• [EXERCISE] Could you filter the records below and return each line that holds "lambda"?
(Beginning of SUPPLIED MATERIAL)
lemma Beta_transform_powser_pos:
  fixes cf :: "nat \<Rightarrow> real" and p q z :: real
  assumes p: "0 < p" and q: "0 < q" and R: "conv_radius cf = \<infinity>"
    and nonneg: "\<And>t. t \<in> {0..1} \<Longrightarrow> 0 \<le> (\<Sum>k. cf k * (z * t) ^ k)"
    and cf0: "0 < cf 0"
  shows "0 < (\<Sum>k. cf k * Beta (p + real k) q * z ^ k)"
proof -
  define F where "F x = (\<Sum>k. cf k * x ^ k)" for x
  define g where "g t = t powr (p - 1) * (1 - t) powr (q - 1) * F (z * t)" for t
  have F_cont: "isCont F x" for x
    unfolding F_def by (rule isCont_powser_converges_everywhere) (simp add: R summable_in_conv_radius)
  have "((\<lambda>t. F (z * t)) \<longlongrightarrow> F (z * 0)) (at_right 0)"
    by (intro isCont_tendsto_compose[OF F_cont] tendsto_intros)
  moreover have "F (z * 0) = cf 0"
    by (simp add: F_def)
  ultimately have "\<forall>\<^sub>F t in at_right 0. 0 < F (z * t)"
    using cf0 by (simp add: order_tendstoD(1))
  moreover have "\<forall>\<^sub>F t in at_right 0. t \<in> {0<..<1::real}"
    by (rule eventually_at_right_real) simp
  ultimately obtain s :: real where "0 < F (z * s)" "0 < s" "s < 1"
    using eventually_happens[OF eventually_conj] by fastforce
  then have "0 < integral {0..1} g"
  proof (intro integral_pos_if_isCont_pos)
    show "g integrable_on {0..1}"
      unfolding g_def F_def by (rule has_integral_integrable[OF Beta_transform_powser(2)[OF p q R]])
    show "0 \<le> g t" if "t \<in> {0..1}" for t
      using nonneg[OF that] that by (simp add: g_def F_def)
    show "isCont g s"
      unfolding g_def using \<open>0 < s\<close> \<open>s < 1\<close>
      by (intro continuous_intros isCont_o2[OF _ F_cont]) auto
  qed (simp_all add: g_def)
  also have "integral {0..1} g = (\<Sum>k. cf k * Beta (p + real k) q * z ^ k)"
    unfolding g_def F_def by (rule integral_unique[OF Beta_transform_powser(2)[OF p q R]])
  finally show ?thesis .
qed

definition hyp1F2_coeff :: "real \<Rightarrow> real \<Rightarrow> real \<Rightarrow> nat \<Rightarrow> real" where
  "hyp1F2_coeff a b c k = pochhammer a k / (fact k * pochhammer b k * pochhammer c k)"

lemma hyp1F2_coeff_pos: "0 < a \<Longrightarrow> 0 < b \<Longrightarrow> 0 < c \<Longrightarrow> 0 < hyp1F2_coeff a b c k"
  unfolding hyp1F2_coeff_def by (intro divide_pos_pos mult_pos_pos pochhammer_pos) auto

lemma hyp1F2_coeff_Suc:
  assumes "0 < b" "0 < c"
  shows "hyp1F2_coeff a b c (Suc k) = hyp1F2_coeff a b c k * (a + k) / ((k + 1) * (b + k) * (c + k))"
  using pochhammer_pos[of b k] pochhammer_pos[of c k] assms
  unfolding hyp1F2_coeff_def by (simp add: pochhammer_Suc field_simps)

lemma conv_radius_hyp1F2_coeff:
  assumes a: "0 < a" and b: "0 < b" and c: "0 < c"
  shows "conv_radius (hyp1F2_coeff a b c) = \<infinity>"
proof (rule conv_radius_ratio_limit_ereal)
  show "\<forall>\<^sub>F k in sequentially. hyp1F2_coeff a b c k \<noteq> 0"
    using hyp1F2_coeff_pos[OF a b c] by (simp add: less_imp_neq[symmetric])
  have "norm (hyp1F2_coeff a b c k) / norm (hyp1F2_coeff a b c (Suc k))
        = (k + 1) * (b + k) * (c + k) / (a + k)" for k
    using hyp1F2_coeff_pos[OF a b c, of k] a b c by (simp add: hyp1F2_coeff_Suc)
  moreover have "filterlim (\<lambda>k::nat. (k + 1) * (b + k) * (c + k) / (a + k)) at_top sequentially"
    by real_asymp
  ultimately show "(\<lambda>k. ereal (norm (hyp1F2_coeff a b c k) / norm (hyp1F2_coeff a b c (Suc k)))) \<longlonglongrightarrow> \<infinity>"
    by (simp add: tendsto_PInfty_eq_at_top)
qed

lemma hyp1F2_eq_powser: "hyp1F2 a b c z = (\<Sum>k. hyp1F2_coeff a b c k * z ^ k)"
  unfolding hyp1F2_def hyp1F2_coeff_def ..

lemma hyp1F2_commute: "hyp1F2 a b c z = hyp1F2 a c b z"
  unfolding hyp1F2_def by (simp add: mult_ac)

lemma hyp1F2_pos_if_Beta_transform:
  assumes a: "0 < a" and b: "0 < b" and c: "0 < c" and p: "0 < p" and q: "0 < q"
    and nonneg: "\<forall>z\<le>0. 0 \<le> hyp1F2 a b c z" and z: "z \<le> 0"
    and coeff: "\<And>k. hyp1F2_coeff a b c k * Beta (p + real k) q = Beta p q * hyp1F2_coeff a' b' c' k"
  shows "0 < hyp1F2 a' b' c' z"
proof -
  note R = conv_radius_hyp1F2_coeff[OF a b c]
  have "0 < (\<Sum>k. hyp1F2_coeff a b c k * Beta (p + real k) q * z ^ k)"
  proof (rule Beta_transform_powser_pos[OF p q R])
    show "0 \<le> (\<Sum>k. hyp1F2_coeff a b c k * (z * t) ^ k)" if "t \<in> {0..1}" for t
      using nonneg that z by (simp add: hyp1F2_eq_powser mult_nonpos_nonneg)
  qed (rule hyp1F2_coeff_pos[OF a b c])
  also have "\<dots> = (\<Sum>k. Beta p q * (hyp1F2_coeff a' b' c' k * z ^ k))"
    by (simp add: coeff mult.assoc)
  also have "\<dots> = Beta p q * hyp1F2 a' b' c' z"
  proof -
    have "summable (\<lambda>k. Beta p q * (hyp1F2_coeff a' b' c' k * z ^ k))"
      using Beta_transform_powser(1)[OF p q R, of z] by (simp add: coeff mult.assoc)
    then have "summable (\<lambda>k. hyp1F2_coeff a' b' c' k * z ^ k)"
      using Beta_pos[OF p q] by (simp add: summable_cmult_iff)
    then show ?thesis
      unfolding hyp1F2_eq_powser by (rule suminf_mult)
  qed
  finally show ?thesis
    using Beta_pos[OF p q] by (simp add: zero_less_mult_iff)
qed

lemma hyp1F2_pos_shift_a:
  assumes a: "0 < a" and b: "0 < b" and c: "0 < c" and g: "0 < g" "g < a"
    and nonneg: "\<forall>z\<le>0. 0 \<le> hyp1F2 a b c z" and z: "z \<le> 0"
  shows "0 < hyp1F2 (a - g) b c z"
proof (rule hyp1F2_pos_if_Beta_transform[OF a b c _ g(1) nonneg z])
  show "hyp1F2_coeff a b c k * Beta (a - g + real k) g = Beta (a - g) g * hyp1F2_coeff (a - g) b c k" for k
    using Beta_add_nat[of "a - g" g k] pochhammer_pos[of a k] g
    by (simp add: hyp1F2_coeff_def field_simps)
qed (use g in simp)

lemma hyp1F2_pos_shift_b:
  assumes a: "0 < a" and b: "0 < b" and c: "0 < c" and g: "0 < g"
    and nonneg: "\<forall>z\<le>0. 0 \<le> hyp1F2 a b c z" and z: "z \<le> 0"
  shows "0 < hyp1F2 a (b + g) c z"
proof (rule hyp1F2_pos_if_Beta_transform[OF a b c b g nonneg z])
  show "hyp1F2_coeff a b c k * Beta (b + real k) g = Beta b g * hyp1F2_coeff a (b + g) c k" for k
    using Beta_add_nat[OF b g, of k] pochhammer_pos[of b k] pochhammer_pos[of "b + g" k] b g
      pochhammer_pos[of c k] pochhammer_pos[of a k] a c
    by (simp add: hyp1F2_coeff_def field_simps)
qed

lemma hyp1F2_pos_shift_c:
  assumes "0 < a" "0 < b" "0 < c" "0 < g"
    and "\<forall>z\<le>0. 0 \<le> hyp1F2 a b c z" and "z \<le> 0"
  shows "0 < hyp1F2 a b (c + g) z"
  using hyp1F2_pos_shift_b[of a c b g z] assms by (simp add: hyp1F2_commute[of a b])

lemma hyp1F2_nonneg_shift_a:
  assumes "0 < a" "0 < b" "0 < c" "0 \<le> g" "g < a" and "\<forall>z\<le>0. 0 \<le> hyp1F2 a b c z"
  shows "\<forall>z\<le>0. 0 \<le> hyp1F2 (a - g) b c z"
  using assms hyp1F2_pos_shift_a[of a b c g] by (cases "g = 0") (auto intro: less_imp_le)

lemma hyp1F2_nonneg_shift_b:
  assumes "0 < a" "0 < b" "0 < c" "0 \<le> g" and "\<forall>z\<le>0. 0 \<le> hyp1F2 a b c z"
  shows "\<forall>z\<le>0. 0 \<le> hyp1F2 a (b + g) c z"
  using assms hyp1F2_pos_shift_b[of a b c g] by (cases "g = 0") (auto intro: less_imp_le)

lemma hyp1F2_nonneg_shift_c:
  assumes "0 < a" "0 < b" "0 < c" "0 \<le> g" and "\<forall>z\<le>0. 0 \<le> hyp1F2 a b c z"
  shows "\<forall>z\<le>0. 0 \<le> hyp1F2 a b (c + g) z"
  using assms hyp1F2_pos_shift_c[of a b c g] by (cases "g = 0") (auto intro: less_imp_le)

theorem lemma1:
  fixes a b c \<gamma> \<delta> \<epsilon> :: real
  assumes "a > 0" and "b > 0" and "c > 0"
    and "\<forall>x::real. hyp1F2 a b c (- (x^2) / 4) \<ge> 0"
    and "0 \<le> \<gamma>" and "\<gamma> < a" and "\<delta> \<ge> 0" and "\<epsilon> \<ge> 0"
    and "\<not> (\<gamma> = 0 \<and> \<delta> = 0 \<and> \<epsilon> = 0)"
  shows "(a - \<gamma>, b + \<delta>, c + \<epsilon>) \<in> P12"
proof -
  have nonneg: "\<forall>z\<le>0. 0 \<le> hyp1F2 a b c z"
  proof (intro allI impI)
    fix z :: real
    assume "z \<le> 0"
    then have "z = - ((2 * sqrt (- z)) ^ 2) / 4"
      by (simp add: power_mult_distrib)
    then show "0 \<le> hyp1F2 a b c z"
      using assms(4) by metis
  qed
  have "0 < hyp1F2 (a - \<gamma>) (b + \<delta>) (c + \<epsilon>) z" if "z \<le> 0" for z
  proof -
    consider "0 < \<gamma>" | "0 < \<delta>" | "0 < \<epsilon>"
      using assms(5,7-9) by linarith
    then show ?thesis
    proof cases
      case 1
      then show ?thesis
        using assms that
        by (intro hyp1F2_pos_shift_a hyp1F2_nonneg_shift_b hyp1F2_nonneg_shift_c nonneg) auto
    next
      case 2
      then show ?thesis
        using assms that
        by (intro hyp1F2_pos_shift_b hyp1F2_nonneg_shift_a hyp1F2_nonneg_shift_c nonneg) auto
    next
      case 3
      then show ?thesis
        using assms that
        by (intro hyp1F2_pos_shift_c hyp1F2_nonneg_shift_a hyp1F2_nonneg_shift_b nonneg) auto
    qed
  qed
  then show ?thesis
    using assms by (auto simp: P12_def)
qed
(End of SUPPLIED MATERIAL)
• [EXERCISE RESULT]
  have "((\<lambda>t. F (z * t)) \<longlongrightarrow> F (z * 0)) (at_right 0)"
  moreover have "filterlim (\<lambda>k::nat. (k + 1) * (b + k) * (c + k) / (a + k)) at_top sequentially"
  ultimately show "(\<lambda>k. ereal (norm (hyp1F2_coeff a b c k) / norm (hyp1F2_coeff a b c (Suc k)))) \<longlonglongrightarrow> \<infinity>"
    have "summable (\<lambda>k. Beta p q * (hyp1F2_coeff a' b' c' k * z ^ k))"
    then have "summable (\<lambda>k. hyp1F2_coeff a' b' c' k * z ^ k)"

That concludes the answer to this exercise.